• [AIM OF THE TASK]
Repeat only the stretch of lines below that runs from the line with "using assms unfolding A_right_def" through the line with "using bb unfolding bb_ncps_def star_hom_def", unaltered.

• [SUPPLIED ENTRIES]

lemma rotated_dilation_image:
  fixes U :: "complex^'n \<Rightarrow> complex^'n"
  assumes U: "Vector_Spaces.linear (*s) (*s) U" "\<And>y. norm (U y) = norm y"
    and "1 \<le> t" "open B" "B \<subseteq> ball (axis k 1) 1"
  defines "Y \<equiv> U ` parabolic_dilation t k ` B"
  shows "Y \<in> sets (lebesgue_on (ball 0 1))"
    "emeasure (lebesgue_on (ball 0 1)) Y = ennreal ((1 / t) ^ (2 * CARD('n) + 2) * measure lborel B)"
proof -
  have iso: "bij U" "\<And>x y. dist (U x) (U y) = dist x y"
    using isometric_linear_bij[OF U] isometric_linear_dist[OF U] by auto
  have "open Y"
    unfolding Y_def using assms(3,4)
    by (intro open_isometry_image[OF iso] parabolic_dilation_image(1)) auto
  then have "Y \<in> sets lebesgue"
    by (simp add: borel_open sets_completionI_sets)
  moreover have "Y \<subseteq> ball 0 1"
    using assms(3,5) norm_parabolic_dilation_lt_1 by (fastforce simp: Y_def U(2))
  ultimately show "Y \<in> sets (lebesgue_on (ball 0 1))"
    by (simp add: sets_restrict_space_iff)
  have "emeasure (lebesgue_on (ball 0 1)) Y = emeasure lebesgue Y"
    using \<open>Y \<subseteq> ball 0 1\<close> by (intro emeasure_restrict_space) auto
  also have "\<dots> = emeasure lborel Y"
    using \<open>open Y\<close> by (simp add: borel_open sets_completionI_sets)
  also have "\<dots> = emeasure lborel (parabolic_dilation t k ` B)"
    unfolding Y_def using assms(3,4)
    by (intro emeasure_isometry_image[OF iso] parabolic_dilation_image(1)) auto
  also have "\<dots> = ennreal ((1 / t) ^ (2 * CARD('n) + 2)) * emeasure lborel B"
    using assms(3,4) by (intro parabolic_dilation_image(2)) auto
  also have "emeasure lborel B = ennreal (measure lborel B)"
  proof (rule emeasure_eq_ennreal_measure)
    have "emeasure lborel B \<le> emeasure lborel (ball (axis k 1 :: complex^'n) 1)"
      by (rule emeasure_mono[OF assms(5)]) simp
    also have "\<dots> < \<infinity>"
      by (rule emeasure_lborel_ball_finite)
    finally show "emeasure lborel B \<noteq> top"
      by (simp add: infinity_ennreal_def)
  qed
  also have "ennreal ((1 / t) ^ (2 * CARD('n) + 2)) * ennreal (measure lborel B)
      = ennreal ((1 / t) ^ (2 * CARD('n) + 2) * measure lborel B)"
    using assms(3) by (intro ennreal_mult[symmetric]) auto
  finally show "emeasure (lebesgue_on (ball 0 1)) Y
      = ennreal ((1 / t) ^ (2 * CARD('n) + 2) * measure lborel B)" .
qed

lemma nth_neq_0_if_in_ball_axis:
  fixes x :: "'a::real_normed_field ^'n"
  assumes "x \<in> ball (axis k 1) 1"
  shows "x $ k \<noteq> 0"
proof -
  have "norm ((x - axis k 1) $ k) < 1"
    using assms Finite_Cartesian_Product.norm_nth_le[of "x - axis k 1" k]
    by (simp add: dist_norm norm_minus_commute)
  then show ?thesis
    by auto
qed

text \<open>The coordinates of \<open>y / (1 - y\<^sub>k)\<close> for \<open>y = parabolic_dilation t k x\<close>, as polynomials in \<open>t\<close>.\<close>

definition dilation_curve :: "'n \<Rightarrow> complex^'n \<Rightarrow> 'n \<Rightarrow> complex poly" where
  "dilation_curve k x j = (if j = k then [:-1, 0, 1 / x $ k:] else [:0, x $ j / x $ k:])"

lemma continuous_coeffs_on_dilation_curve:
  assumes "\<And>x. x \<in> S \<Longrightarrow> x $ k \<noteq> 0"
  shows "continuous_coeffs_on S (\<lambda>x. dilation_curve k x j)"
  unfolding dilation_curve_def using assms
  by (cases "j = k")
    (auto intro!: continuous_coeffs_on_pCons continuous_coeffs_on_const continuous_intros)

lemma degree_dilation_curve: "degree (dilation_curve k x j) \<le> 2"
  by (simp add: dilation_curve_def)

lemma dilation_curve_at_0: "(\<chi> j. poly (dilation_curve k x j) 0) = - axis k 1"
  by (simp add: vec_eq_iff dilation_curve_def axis_def)

lemma dilation_curve_at_1_covers:
  fixes w :: "complex^'n"
  assumes "norm w < 1 / 2"
  obtains x where "x \<in> ball (axis k 1) 1" "(\<chi> j. poly (dilation_curve k x j) 1) = w"
proof -
  define x where "x = (\<chi> i. (if i = k then 1 else w $ i) / (1 + w $ k))"
  have "norm (w $ k) < 1 / 2"
    using assms Finite_Cartesian_Product.norm_nth_le[of w k] by simp
  then have "1 / 2 < norm (1 + w $ k)"
    using norm_diff_ineq[of 1 "w $ k"] by simp
  then have "1 + w $ k \<noteq> 0"
    by auto
  have "norm ((x - axis k 1) $ i) = norm (w $ i) / norm (1 + w $ k)" for i
  proof (cases "i = k")
    case True
    have "(x - axis k 1) $ k = - w $ k / (1 + w $ k)"
      using \<open>1 + w $ k \<noteq> 0\<close> by (simp add: x_def field_simps)
    then show ?thesis
      using True by (simp add: norm_divide)
  qed (simp add: x_def axis_def norm_divide)
  then have "norm (x - axis k 1) = norm ((1 / (1 + w $ k)) *s w)"
    unfolding norm_vec_def by (intro L2_set_cong) (auto simp: norm_divide)
  also have "\<dots> < 1"
    using assms \<open>1 / 2 < norm (1 + w $ k)\<close>
    by (simp add: norm_vector_scalar_mult norm_divide divide_less_eq)
  finally have "x \<in> ball (axis k 1) 1"
    by (simp add: dist_norm norm_minus_commute)
  moreover have "(\<chi> j. poly (dilation_curve k x j) 1) = w"
    using \<open>1 + w $ k \<noteq> 0\<close> by (simp add: vec_eq_iff dilation_curve_def x_def)
  ultimately show ?thesis
    by (rule that)
qed

lemma cayley_unitary_parabolic_dilation:
  assumes "Vector_Spaces.linear (*s) (*s) U" "\<And>y. hinner (U y) \<omega> = y $ k" "x $ k \<noteq> 0" "0 < t"
    and "z = U (parabolic_dilation t k x)"
  shows "(\<chi> j. z $ j / (1 - hinner z \<omega>)) = U (\<chi> j. poly (dilation_curve k x j) (of_real t))"
proof -
  interpret U: Vector_Spaces.linear "(*s)" "(*s)" U by fact
  define y where "y = parabolic_dilation t k x"
  have "(\<chi> j. z $ j / (1 - hinner z \<omega>)) = U ((1 / (1 - y $ k)) *s y)"
    by (simp add: assms(2,5) y_def U.scale vec_eq_iff)
  moreover have "(1 / (1 - y $ k)) *s y = (\<chi> j. poly (dilation_curve k x j) (of_real t))"
    using assms(3,4) by (auto simp: vec_eq_iff y_def parabolic_dilation_def dilation_curve_def axis_def
        field_simps power2_eq_square)
  ultimately show ?thesis
    by simp
qed
theorem unique_global_minimizer_sum_norm_residual_iff:
  fixes d :: "'i \<Rightarrow> 'a::real_inner" and u :: "'z::real_vector \<Rightarrow> 'i \<Rightarrow> 'a"
  assumes "finite K" and "\<And>t. t \<in> K \<Longrightarrow> d t \<noteq> 0"
    and homogeneous: "\<And>s Z t. u (s *\<^sub>R Z) t = s *\<^sub>R u Z t"
    and descent_bound: "\<And>Z. (\<Sum>t\<in>K. sgn (d t) \<bullet> u Z t) \<le> (\<Sum>t\<in>Kc. norm (u Z t))"
  shows "unique_global_minimizer (\<lambda>Z. sum_norm_residual K Kc d (u Z)) 0 \<longleftrightarrow>
    (\<forall>Z. Z \<noteq> 0 \<longrightarrow> (\<Sum>t\<in>K. sgn (d t) \<bullet> u Z t) = (\<Sum>t\<in>Kc. norm (u Z t))
      \<longrightarrow> (\<Sum>t\<in>K. \<bar>sgn (d t) \<bullet> u Z t\<bar>) < (\<Sum>t\<in>K. norm (u Z t)))"
    (is "unique_global_minimizer ?\<phi> 0 \<longleftrightarrow> _")
proof -
  have u0: "u 0 = (\<lambda>_. 0)"
    using homogeneous[of 0 0] by auto
  have min0: "?\<phi> 0 \<le> ?\<phi> Z" for Z
    unfolding u0 by (rule sum_norm_residual_zero_le[OF descent_bound])
  show ?thesis
  proof
    assume unique: "unique_global_minimizer ?\<phi> 0"
    show "\<forall>Z. Z \<noteq> 0 \<longrightarrow> (\<Sum>t\<in>K. sgn (d t) \<bullet> u Z t) = (\<Sum>t\<in>Kc. norm (u Z t))
      \<longrightarrow> (\<Sum>t\<in>K. \<bar>sgn (d t) \<bullet> u Z t\<bar>) < (\<Sum>t\<in>K. norm (u Z t))"
    proof (intro allI impI, rule ccontr)
      fix Z :: 'z
      assume "Z \<noteq> 0" and eq: "(\<Sum>t\<in>K. sgn (d t) \<bullet> u Z t) = (\<Sum>t\<in>Kc. norm (u Z t))"
        and "\<not> (\<Sum>t\<in>K. \<bar>sgn (d t) \<bullet> u Z t\<bar>) < (\<Sum>t\<in>K. norm (u Z t))"
      then have "\<And>t. t \<in> K \<Longrightarrow> \<bar>sgn (d t) \<bullet> u Z t\<bar> = norm (u Z t)"
        using sum_abs_inner_sgn_less_iff[OF assms(1)] by blast
      then obtain s where "s > 0"
        and "sum_norm_residual K Kc d (\<lambda>t. s *\<^sub>R u Z t) = sum_norm_residual K Kc d (\<lambda>_. 0)"
        using sum_norm_residual_scaleR_aligned_eq_zero[OF assms(1,2) eq] by blast
      moreover have "(\<lambda>t. s *\<^sub>R u Z t) = u (s *\<^sub>R Z)"
        by (simp add: homogeneous fun_eq_iff)
      ultimately have "?\<phi> (s *\<^sub>R Z) = ?\<phi> 0"
        using u0 by simp
      then have "\<forall>Y. ?\<phi> (s *\<^sub>R Z) \<le> ?\<phi> Y"
        using min0 by simp
      then have "s *\<^sub>R Z = 0"
        using unique unfolding unique_global_minimizer_def by blast
      with \<open>s > 0\<close> \<open>Z \<noteq> 0\<close> show False
        by simp
    qed
  next
    assume strict: "\<forall>Z. Z \<noteq> 0 \<longrightarrow> (\<Sum>t\<in>K. sgn (d t) \<bullet> u Z t) = (\<Sum>t\<in>Kc. norm (u Z t))
      \<longrightarrow> (\<Sum>t\<in>K. \<bar>sgn (d t) \<bullet> u Z t\<bar>) < (\<Sum>t\<in>K. norm (u Z t))"
    have "Z = 0" if "\<forall>Y. ?\<phi> Z \<le> ?\<phi> Y" for Z
    proof (rule ccontr)
      assume "Z \<noteq> 0"
      have le: "sum_norm_residual K Kc d (u Z) \<le> sum_norm_residual K Kc d (\<lambda>_. 0)"
        using that[rule_format, of 0] u0 by simp
      show False
        using strict \<open>Z \<noteq> 0\<close> sum_abs_inner_sgn_less_iff[OF assms(1)]
          sum_norm_residual_le_zero_imp_aligned[OF assms(1,2) descent_bound le]
        by blast
    qed
    then show "unique_global_minimizer ?\<phi> 0"
      unfolding unique_global_minimizer_def using min0 by blast
  qed
qed

lemma unique_global_minimizer_comp_bij:
  assumes "bij h"
  shows "unique_global_minimizer (g \<circ> h) a \<longleftrightarrow> unique_global_minimizer g (h a)"
proof -
  have all_h: "(\<forall>c. P (h c)) \<longleftrightarrow> (\<forall>c. P c)" for P
    using assms by (metis bij_pointE)
  have "(\<forall>b. (\<forall>c. g (h b) \<le> g c) \<longrightarrow> h b = h a) \<longleftrightarrow> (\<forall>b. (\<forall>c. g b \<le> g c) \<longrightarrow> b = h a)"
    by (rule all_h)
  then show ?thesis
    unfolding unique_global_minimizer_def comp_def all_h[of "\<lambda>c. g (h a) \<le> g c"]
    using all_h[of "\<lambda>c. g _ \<le> g c"] bij_is_inj[OF assms] by (simp add: inj_eq)
qed

lemma dhat_eq_sgn: "dhat d t = sgn (d t)"
  by (simp add: dhat_def sgn_div_norm divide_inverse_commute)
lemma moments_mult:
  assumes Zs: "set Zs \<subseteq> insert X (Cs \<union> Os)"
    and Ac: "mult_submonoid Ac" "insert X Cs \<subseteq> Ac"
    and u: "u \<in> Os" "\<forall>a\<in>Ac. u * a = a * u" and v: "v \<in> Cs"
  shows "tau_L2 \<tau> (prod_list Zs) (\<lambda>k. u * v * x k)
    = moment_sum X (insert X Cs) Zs (\<lambda>P Q. \<tau> (P * u * M (\<eta> (E (Q * v)))))"
proof -
  have "tau_L2 \<tau> (prod_list Zs) (\<lambda>k. u * v * x k) = tau_L2 \<tau> (prod_list Zs * u * v) x"
    by (simp add: tau_L2_mult_seq mult.assoc)
  also have "\<dots> = moment_sum X (insert X Cs) Zs (\<lambda>P Q. \<tau> (P * u * M (\<eta> (E (Q * v)))))"
  proof (cases "u \<in> Cs")
    case False
    then show ?thesis using moments_mult_outside[OF Zs u(1) _ v] by blast
  next
    case True
    show ?thesis
    proof (cases "Os \<subseteq> Cs")
      case True
      then show ?thesis using moments_mult_commuting[OF Zs Ac(1) _ u v] Ac(2) by blast
    next
      case False
      then obtain c where "c \<in> Os" "c \<notin> Cs" by blast
      then show ?thesis using moments_mult_split[OF Zs u(1) \<open>u \<in> Cs\<close> _ _ v] by blast
    qed
  qed
  finally show ?thesis .
qed

end

section \<open>Twisting by \<open>b\<^sub>1\<close> and \<open>b\<^sub>2\<close>\<close>

lemma analytical_cstate: "analytical L R E \<tau> \<Longrightarrow> cstate \<tau>"
  unfolding analytical_def by blast

lemma analytical_left_mult_bounded: "analytical L R E \<tau> \<Longrightarrow> left_mult_bounded \<tau>"
  unfolding analytical_def left_mult_bounded_def by blast

lemma analytical_bb_ncps: "analytical L R E \<tau> \<Longrightarrow> bb_ncps L R E"
  unfolding analytical_def by blast

lemma analytical_tau_mult_R:
  assumes "analytical L R E \<tau>"
  shows "\<tau> (w * R b) = \<tau> (w * L b)"
proof -
  have "\<tau> (w * R b) = \<tau> (L (E (w * R b)))" "\<tau> (w * L b) = \<tau> (L (E (w * L b)))"
    using assms unfolding analytical_def by auto
  moreover have "E (w * L b) = E (w * R b)"
    using analytical_bb_ncps[OF assms] unfolding bb_ncps_def by blast
  ultimately show ?thesis by simp
qed

lemma mult_submonoid_A_left: "mult_submonoid (A_left R)"
  unfolding mult_submonoid_def A_left_def by (simp add: mult.assoc) (metis mult.assoc)

lemma mult_submonoid_A_right: "mult_submonoid (A_right L)"
  unfolding mult_submonoid_def A_right_def by (simp add: mult.assoc) (metis mult.assoc)

lemma mult_submonoid_UNIV: "mult_submonoid UNIV"
  unfolding mult_submonoid_def by simp

lemma bb_ncps_E_mult_L:
  assumes "bb_ncps L R E" "Q \<in> A_left R"
  shows "E (Q * L b) = E Q * b"
proof -
  have "E (Q * L b) = E (Q * R b)"
    using assms(1) unfolding bb_ncps_def by blast
  also have "\<dots> = E (L 1 * R b * Q)"
    using assms unfolding A_left_def bb_ncps_def star_hom_def by simp
  also have "\<dots> = 1 * E Q * b"
    using assms(1) unfolding bb_ncps_def by blast
  also have "\<dots> = E Q * b" by simp
  finally show ?thesis .
qed

lemma bb_ncps_E_mult_R:
  assumes "bb_ncps L R E" "Q \<in> A_right L"
  shows "E (Q * R b) = b * E Q"
proof -
  have "E (Q * R b) = E (Q * L b)"
    using assms(1) unfolding bb_ncps_def by metis
  also have "\<dots> = E (L b * R 1 * Q)"
    using assms unfolding A_right_def bb_ncps_def star_antihom_def by simp
  also have "\<dots> = b * E Q * 1"
    using assms(1) unfolding bb_ncps_def by blast
  also have "\<dots> = b * E Q" by simp
  finally show ?thesis .
qed

lemma analytical_tau_R_L_eta:
  assumes an: "analytical L R E \<tau>" and Q: "Q \<in> A_left R"
  shows "\<tau> (P * R b1 * L (\<eta> (E (Q * L b2)))) = \<tau> (P * L (\<eta> (E Q * b2) * b1))"
proof -
  have bb: "bb_ncps L R E" by (rule analytical_bb_ncps[OF an])
  define d where "d = \<eta> (E Q * b2)"
  have "\<tau> (P * R b1 * L d) = \<tau> ((P * L d) * R b1)"
    using bb unfolding bb_ncps_def by (simp add: mult.assoc)
  also have "\<dots> = \<tau> ((P * L d) * L b1)" by (rule analytical_tau_mult_R[OF an])
  also have "\<dots> = \<tau> (P * L (d * b1))"
    using bb unfolding bb_ncps_def star_hom_def by (simp add: mult.assoc)
  finally show ?thesis unfolding bb_ncps_E_mult_L[OF bb Q] d_def .
qed
fun seg_iter :: "(nat \<Rightarrow> 'a::real_normed_vector \<Rightarrow> 'a) \<Rightarrow> real \<Rightarrow> real \<Rightarrow> (nat \<Rightarrow> nat) \<Rightarrow> 'a \<Rightarrow> nat \<Rightarrow> 'a" where
  "seg_iter F \<gamma>1 \<gamma>2 \<pi> z0 0 = z0"
| "seg_iter F \<gamma>1 \<gamma>2 \<pi> z0 (Suc j) = seg_step F \<gamma>1 \<gamma>2 (\<pi> j) (seg_iter F \<gamma>1 \<gamma>2 \<pi> z0 j)"

end

theory Submission
  imports Defs
begin

text \<open>Write \<open>a\<^sub>i = F\<^sub>i(z\<^sub>0)\<close>. For a fixed permutation \<open>\<pi>\<close>, the displacement
  \<open>z\<^sub>j - z\<^sub>0\<close> is \<open>-\<gamma>\<^sub>1\<close> times the prefix sum of the \<open>a\<^bsub>\<pi>(t)\<^esub>\<close> over \<open>t < j\<close>, up to Lipschitz errors that are controlled by the
  displacements themselves. The step-size conditions let these errors be absorbed, so that the
  sum over \<open>j\<close> of the squared displacements is at most \<open>3\<gamma>\<^sub>1\<^sup>2\<close> times the sum of the squared prefix
  sums plus \<open>V = \<Sum>\<^sub>i \<parallel>a\<^sub>i\<parallel>\<^sup>2\<close>. Averaging over \<open>\<pi>\<close> is sampling without replacement: the
  \<open>j\<close>-th prefix sum has second moment \<open>(j/n) V + j(j-1)/(n(n-1)) (A - V)\<close>, where
  \<open>A = \<parallel>\<Sum>\<^sub>i a\<^sub>i\<parallel>\<^sup>2\<close>. Finally the Lipschitz constants bound \<open>V\<close> and \<open>A\<close> by \<open>\<parallel>z\<^sub>0 - z\<^sub>*\<parallel>\<^sup>2\<close> and
  \<open>\<sigma>\<^sub>*\<^sup>2\<close>; the root \<open>z\<^sub>*\<close> makes \<open>A\<close> free of noise.\<close>

lemma sum_permutes_apply:
  fixes g :: "'b \<Rightarrow> 'c::{comm_semiring_1,semiring_char_0}"
  assumes "finite S" "t \<in> S"
  shows "(\<Sum>\<pi>\<in>{\<pi>. \<pi> permutes S}. g (\<pi> t)) = fact (card S - 1) * (\<Sum>b\<in>S. g b)"
proof -
  define S' where "S' = S - {t}"
  have S': "S = insert t S'" "t \<notin> S'" "finite S'" using assms by (auto simp: S'_def)
  have "(\<Sum>\<pi>\<in>{\<pi>. \<pi> permutes S}. g (\<pi> t)) =
     (\<Sum>b\<in>S. \<Sum>q\<in>{p. p permutes S'}. g ((Transposition.transpose t b \<circ> q) t))"
    using sum_over_permutations_insert[OF S'(3,2), of "\<lambda>\<pi>. g (\<pi> t)"] S'(1) by simp
  also have "\<dots> = (\<Sum>b\<in>S. \<Sum>q\<in>{p. p permutes S'}. g b)"
    using S'(2) by (intro sum.cong refl) (simp add: permutes_not_in)
  also have "\<dots> = (\<Sum>b\<in>S. fact (card S') * g b)"
    using card_permutations[OF refl S'(3)] by simp
  also have "card S' = card S - 1" using assms by (simp add: S'_def)
  finally show ?thesis by (simp add: sum_distrib_left)
qed

lemma transpose_image_Diff_singleton:
  assumes "a \<in> S" "b \<in> S"
  shows "Transposition.transpose a b ` (S - {a}) = S - {b}"
  using assms by (auto simp: in_transpose_image_iff Transposition.transpose_def)

lemma sum_permutes_apply_pair:
  fixes h :: "'b \<Rightarrow> 'b \<Rightarrow> 'c::{comm_semiring_1,semiring_char_0}"
  assumes "finite S" "t \<in> S" "s \<in> S" "t \<noteq> s"
  shows "(\<Sum>\<pi>\<in>{\<pi>. \<pi> permutes S}. h (\<pi> t) (\<pi> s))
    = fact (card S - 2) * (\<Sum>b\<in>S. \<Sum>c\<in>S - {b}. h b c)"
proof -
  define S' where "S' = S - {t}"
  have S': "S = insert t S'" "t \<notin> S'" "finite S'" "s \<in> S'" using assms by (auto simp: S'_def)
  let ?\<tau> = "Transposition.transpose t"
  have "(\<Sum>\<pi>\<in>{\<pi>. \<pi> permutes S}. h (\<pi> t) (\<pi> s)) =
     (\<Sum>b\<in>S. \<Sum>q\<in>{p. p permutes S'}. h ((?\<tau> b \<circ> q) t) ((?\<tau> b \<circ> q) s))"
    using sum_over_permutations_insert[OF S'(3,2), of "\<lambda>\<pi>. h (\<pi> t) (\<pi> s)"] S'(1) by simp
  also have "\<dots> = (\<Sum>b\<in>S. \<Sum>q\<in>{p. p permutes S'}. h b (?\<tau> b (q s)))"
    using S'(2) by (intro sum.cong refl) (simp add: permutes_not_in)
  also have "\<dots> = (\<Sum>b\<in>S. fact (card S' - 1) * (\<Sum>c\<in>S'. h b (?\<tau> b c)))"
    by (rule sum.cong[OF refl], rule sum_permutes_apply[OF S'(3,4)])
  also have "\<dots> = (\<Sum>b\<in>S. fact (card S' - 1) * (\<Sum>c\<in>S - {b}. h b c))"
  proof (rule sum.cong[OF refl])
    fix b assume "b \<in> S"
    have "(\<Sum>c\<in>S'. h b (?\<tau> b c)) = (\<Sum>c\<in>?\<tau> b ` S'. h b c)"
      by (simp add: sum.reindex)
    also have "?\<tau> b ` S' = S - {b}"
      unfolding S'_def using assms(2) \<open>b \<in> S\<close> by (rule transpose_image_Diff_singleton)
    finally show "fact (card S' - 1) * (\<Sum>c\<in>S'. h b (?\<tau> b c))
        = fact (card S' - 1) * (\<Sum>c\<in>S - {b}. h b c)" by simp
  qed
  also have "card S' - 1 = card S - 2" using assms by (simp add: S'_def)
  finally show ?thesis by (simp add: sum_distrib_left)
qed

lemma power2_norm_sum_eq_sum_inner:
  fixes v :: "nat \<Rightarrow> 'a::real_inner"
  shows "(norm (\<Sum>t<j. v t))\<^sup>2 = (\<Sum>t<j. \<Sum>s<j. inner (v t) (v s))"
  by (simp add: power2_norm_eq_inner inner_sum_left inner_sum_right) (rule sum.swap)

text \<open>Expanding the square, diagonal terms see one value of \<open>\<pi>\<close> and off-diagonal terms an
  ordered pair of distinct values.\<close>

lemma sum_permutes_power2_norm_prefix_sum:
  fixes a :: "nat \<Rightarrow> 'a::real_inner"
  assumes "j \<le> n"
  shows "(\<Sum>\<pi>\<in>{\<pi>. \<pi> permutes {..<n}}. (norm (\<Sum>t<j. a (\<pi> t)))\<^sup>2)
    = fact (n - 1) * real j * (\<Sum>i<n. (norm (a i))\<^sup>2)
      + fact (n - 2) * (real j * (real j - 1))
          * ((norm (\<Sum>i<n. a i))\<^sup>2 - (\<Sum>i<n. (norm (a i))\<^sup>2))"
proof -
  define V where "V = (\<Sum>i<n. (norm (a i))\<^sup>2)"
  define A where "A = (norm (\<Sum>i<n. a i))\<^sup>2"
  define c where "c t s = (if t = s then fact (n - 1) * V else fact (n - 2) * (A - V))" for t s :: nat
  have off_diagonal: "(\<Sum>b<n. \<Sum>k\<in>{..<n} - {b}. inner (a b) (a k)) = A - V"
    unfolding A_def V_def power2_norm_sum_eq_sum_inner
    by (simp add: sum_diff1 sum_subtractf power2_norm_eq_inner)
  have pair: "(\<Sum>\<pi>\<in>{\<pi>. \<pi> permutes {..<n}}. inner (a (\<pi> t)) (a (\<pi> s))) = c t s"
    if "t < j" "s < j" for t s
  proof (cases "t = s")
    case True
    then show ?thesis using sum_permutes_apply[of "{..<n}" t "\<lambda>b. inner (a b) (a b)"] that assms
      by (simp add: c_def V_def power2_norm_eq_inner)
  next
    case False
    then show ?thesis
      using sum_permutes_apply_pair[of "{..<n}" t s "\<lambda>b k. inner (a b) (a k)"] that assms off_diagonal
      by (simp add: c_def)
  qed
  have row: "(\<Sum>s<j. c t s) = fact (n - 1) * V + (real j - 1) * (fact (n - 2) * (A - V))"
    if "t < j" for t
  proof -
    have "(\<Sum>s<j. c t s) = c t t + (\<Sum>s\<in>{..<j} - {t}. c t s)"
      using that by (simp add: sum.remove)
    then show ?thesis using that by (simp add: c_def of_nat_diff)
  qed
  have "(\<Sum>\<pi>\<in>{\<pi>. \<pi> permutes {..<n}}. (norm (\<Sum>t<j. a (\<pi> t)))\<^sup>2)
      = (\<Sum>t<j. \<Sum>s<j. \<Sum>\<pi>\<in>{\<pi>. \<pi> permutes {..<n}}. inner (a (\<pi> t)) (a (\<pi> s)))"
    unfolding power2_norm_sum_eq_sum_inner by (subst sum.swap, subst (2) sum.swap) (rule refl)
  also have "\<dots> = (\<Sum>t<j. \<Sum>s<j. c t s)"
    by (intro sum.cong refl pair) auto
  also have "\<dots> = real j * (fact (n - 1) * V + (real j - 1) * (fact (n - 2) * (A - V)))"
    by (simp add: row)
  finally show ?thesis unfolding V_def A_def by (simp add: algebra_simps)
qed

lemma sum_lessThan_of_nat: "(\<Sum>j<n. real j) = real n * (real n - 1) / 2"
  by (induction n) (auto simp: field_simps)

lemma sum_lessThan_of_nat_times_pred:
  "(\<Sum>j<n. real j * (real j - 1)) = real n * (real n - 1) * (real n - 2) / 3"
  by (induction n) (auto simp: field_simps)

• [RESPONSE TO THIS TASK]
    using assms unfolding A_right_def bb_ncps_def star_antihom_def by simp
  also have "\<dots> = b * E Q * 1"
    using assms(1) unfolding bb_ncps_def by blast
  also have "\<dots> = b * E Q" by simp
  finally show ?thesis .
qed

lemma analytical_tau_R_L_eta:
  assumes an: "analytical L R E \<tau>" and Q: "Q \<in> A_left R"
  shows "\<tau> (P * R b1 * L (\<eta> (E (Q * L b2)))) = \<tau> (P * L (\<eta> (E Q * b2) * b1))"
proof -
  have bb: "bb_ncps L R E" by (rule analytical_bb_ncps[OF an])
  define d where "d = \<eta> (E Q * b2)"
  have "\<tau> (P * R b1 * L d) = \<tau> ((P * L d) * R b1)"
    using bb unfolding bb_ncps_def by (simp add: mult.assoc)
  also have "\<dots> = \<tau> ((P * L d) * L b1)" by (rule analytical_tau_mult_R[OF an])
  also have "\<dots> = \<tau> (P * L (d * b1))"
    using bb unfolding bb_ncps_def star_hom_def by (simp add: mult.assoc)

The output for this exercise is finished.